Alice aims to maximize \(|x-y|\) (the absolute difference between \(x\) and \(y\)) while Bob aims to minimize \(|x-y|\). Both players play optimally. Determine the final result \(|x-y|\) when the game ends.

Game Analysis:
Since each player controls only his/her own sequence, the final outcome is determined by the choice of the remaining element in each sequence. Regardless of the play order, the outcome is equivalent to Alice choosing an element \(x\) from sequence \(a\) and Bob, knowing \(x\), choosing an element \(y\) from sequence \(b\) which minimizes \(|x-y|\). Therefore, the final value of \(|x-y|\) is:

[ \max_{x \in a} \left( \min_{y \in b} |x-y| \right) ]
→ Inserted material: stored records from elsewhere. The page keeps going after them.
lemma emeasure_last_ladder_point:
  assumes tilt: "\<And>j. pmf q j = exp (\<beta> * real_of_int j) * pmf p j"
  shows "emeasure (iid_law q) (last_ladder_point k t l)
       = ennreal (exp (- \<beta> * real l)) * emeasure (iid_law p) (ladder_point k t l)
         * emeasure (iid_law q) {\<omega>. ladder_epoch \<omega> 1 = \<infinity>}"
proof -
  have "emeasure (iid_law q) (ladder_point k t l)
      = (\<integral>\<^sup>+\<omega>. ennreal (exp (\<beta> * real_of_int (walk \<omega> t))) * indicator (ladder_point k t l) \<omega> \<partial>iid_law p)"
    by (rule emeasure_iid_law_exponential_tilt[OF tilt determined_by_prefix_ladder_point])
  also have "\<dots> = (\<integral>\<^sup>+\<omega>. ennreal (exp (- \<beta> * real l)) * indicator (ladder_point k t l) \<omega> \<partial>iid_law p)"
    by (rule nn_integral_cong) (simp add: ladder_point_def indicator_def)
  also have "\<dots> = ennreal (exp (- \<beta> * real l)) * emeasure (iid_law p) (ladder_point k t l)"
    by (rule nn_integral_cmult_indicator)
       (rule sets_iid_law_determined_by_prefix[OF determined_by_prefix_ladder_point])
  finally have tilted: "emeasure (iid_law q) (ladder_point k t l)
      = ennreal (exp (- \<beta> * real l)) * emeasure (iid_law p) (ladder_point k t l)" .
  show ?thesis
    unfolding last_ladder_point_eq_sdrop tilted
      emeasure_iid_law_Int_sdrop[OF determined_by_prefix_ladder_point sets_iid_law_ladder_epoch_one_infinity]
    ..
qed

lemma last_ladder_point_unique:
  assumes "\<omega> \<in> last_ladder_point k t l" "\<omega> \<in> last_ladder_point k' t' l'"
  shows "k = k' \<and> t = t' \<and> l = l'"
proof -
  have "\<not> k < k'" if "\<omega> \<in> last_ladder_point k t l" "\<omega> \<in> last_ladder_point k' t' l'" for k t l k' t' l'
    using that ladder_epoch_infinity_mono[of \<omega> "Suc k" k']
    by (auto simp: last_ladder_point_def ladder_point_def)
  then have "k = k'"
    using assms by (meson linorder_neqE_nat)
  then show ?thesis
    using assms by (auto simp: last_ladder_point_def ladder_point_def)
qed

lemma stays_above_eq_UN_last_ladder_point:
  "stays_above i = (\<Union>k. \<Union>t. \<Union>l\<in>{0..i}. last_ladder_point k t l)"
proof (intro set_eqI iffI)
  fix \<omega> assume above: "\<omega> \<in> stays_above i"
  have "ladder_epoch \<omega> (Suc i) = \<infinity>"
  proof (rule ccontr)
    assume "ladder_epoch \<omega> (Suc i) \<noteq> \<infinity>"
    then obtain s where "ladder_epoch \<omega> (Suc i) = enat s"
      by blast
    then have "walk \<omega> s \<le> - int (Suc i)"
      by (rule walk_ladder_epoch_le)
    moreover have "- int i \<le> walk \<omega> s"
      using above by (simp add: stays_above_def)
    ultimately show False
      by simp
  qed
  moreover have "\<not> ladder_epoch \<omega> 0 = \<infinity>"
    by (simp add: zero_enat_def)
  ultimately obtain k where k: "\<forall>j\<le>k. ladder_epoch \<omega> j \<noteq> \<infinity>" "ladder_epoch \<omega> (Suc k) = \<infinity>"
    using ex_least_nat_less[of "\<lambda>k. ladder_epoch \<omega> k = \<infinity>"] by blast
  obtain t where t: "ladder_epoch \<omega> k = enat t"
    using k(1) by (cases "ladder_epoch \<omega> k") auto
  define l where "l = nat (- walk \<omega> t)"
  have "- int i \<le> walk \<omega> t"
    using above by (simp add: stays_above_def)
  then have "walk \<omega> t = - int l" "l \<le> i"
    using walk_ladder_epoch_le[OF t] by (auto simp: l_def)
  with k t have "\<omega> \<in> last_ladder_point k t l" "l \<in> {0..i}"
    by (auto simp: last_ladder_point_def ladder_point_def)
  then show "\<omega> \<in> (\<Union>k. \<Union>t. \<Union>l\<in>{0..i}. last_ladder_point k t l)"
    by blast
next
  fix \<omega> assume "\<omega> \<in> (\<Union>k. \<Union>t. \<Union>l\<in>{0..i}. last_ladder_point k t l)"
  then obtain k t l where "l \<le> i" and t: "ladder_epoch \<omega> k = enat t" "walk \<omega> t = - int l"
    and last: "ladder_epoch \<omega> (Suc k) = \<infinity>"
    by (auto simp: last_ladder_point_def ladder_point_def)
  have "walk \<omega> t \<le> walk \<omega> n" for n
    using walk_ladder_epoch_le_walk[OF t(1)] last ladder_epoch_Suc_eq_infinity[OF t(1)]
    by (cases "n \<le> t") auto
  then have "- int i \<le> walk \<omega> n" for n
    using \<open>l \<le> i\<close> t(2) by (smt (verit) of_nat_le_iff)
  then show "\<omega> \<in> stays_above i"
    by (simp add: stays_above_def)
qed

lemma emeasure_stays_above_eq_suminf:
  "emeasure (iid_law q) (stays_above i)
     = (\<Sum>k. \<Sum>t. \<Sum>l\<in>{0..i}. emeasure (iid_law q) (last_ladder_point k t l))"
proof -
  let ?L = "\<lambda>k t. \<Union>l\<in>{0..i}. last_ladder_point k t l"
  have sets_L: "?L k t \<in> sets (iid_law q)" for k t
    by (auto intro: sets_iid_law_last_ladder_point)
  have "emeasure (iid_law q) (stays_above i) = (\<Sum>k. emeasure (iid_law q) (\<Union>t. ?L k t))"
    unfolding stays_above_eq_UN_last_ladder_point
    by (rule suminf_emeasure[symmetric])
       (auto simp: disjoint_family_on_def intro: sets_L dest: last_ladder_point_unique)
  also have "\<dots> = (\<Sum>k. \<Sum>t. emeasure (iid_law q) (?L k t))"
    by (intro suminf_cong suminf_emeasure[symmetric])
       (auto simp: disjoint_family_on_def intro: sets_L dest: last_ladder_point_unique)
  also have "\<dots> = (\<Sum>k. \<Sum>t. \<Sum>l\<in>{0..i}. emeasure (iid_law q) (last_ladder_point k t l))"
    by (intro suminf_cong sum_emeasure[symmetric])
       (auto simp: disjoint_family_on_def intro: sets_iid_law_last_ladder_point
        dest: last_ladder_point_unique)
  finally show ?thesis .
qed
Your task is to compute this value given the two sequences.

inputFormat

The first line contains an integer \(n\) (the size of each sequence).
The second line contains \(n\) integers representing the sequence \(a\).
The third line contains \(n\) integers representing the sequence \(b\).

You can assume that \(n \ge 1\) and the absolute values of the numbers do not exceed \(10^9\).

outputFormat

Output a single integer denoting the final value of \(|x-y|\) when both players play optimally.

sample

2
1 10
5 6

4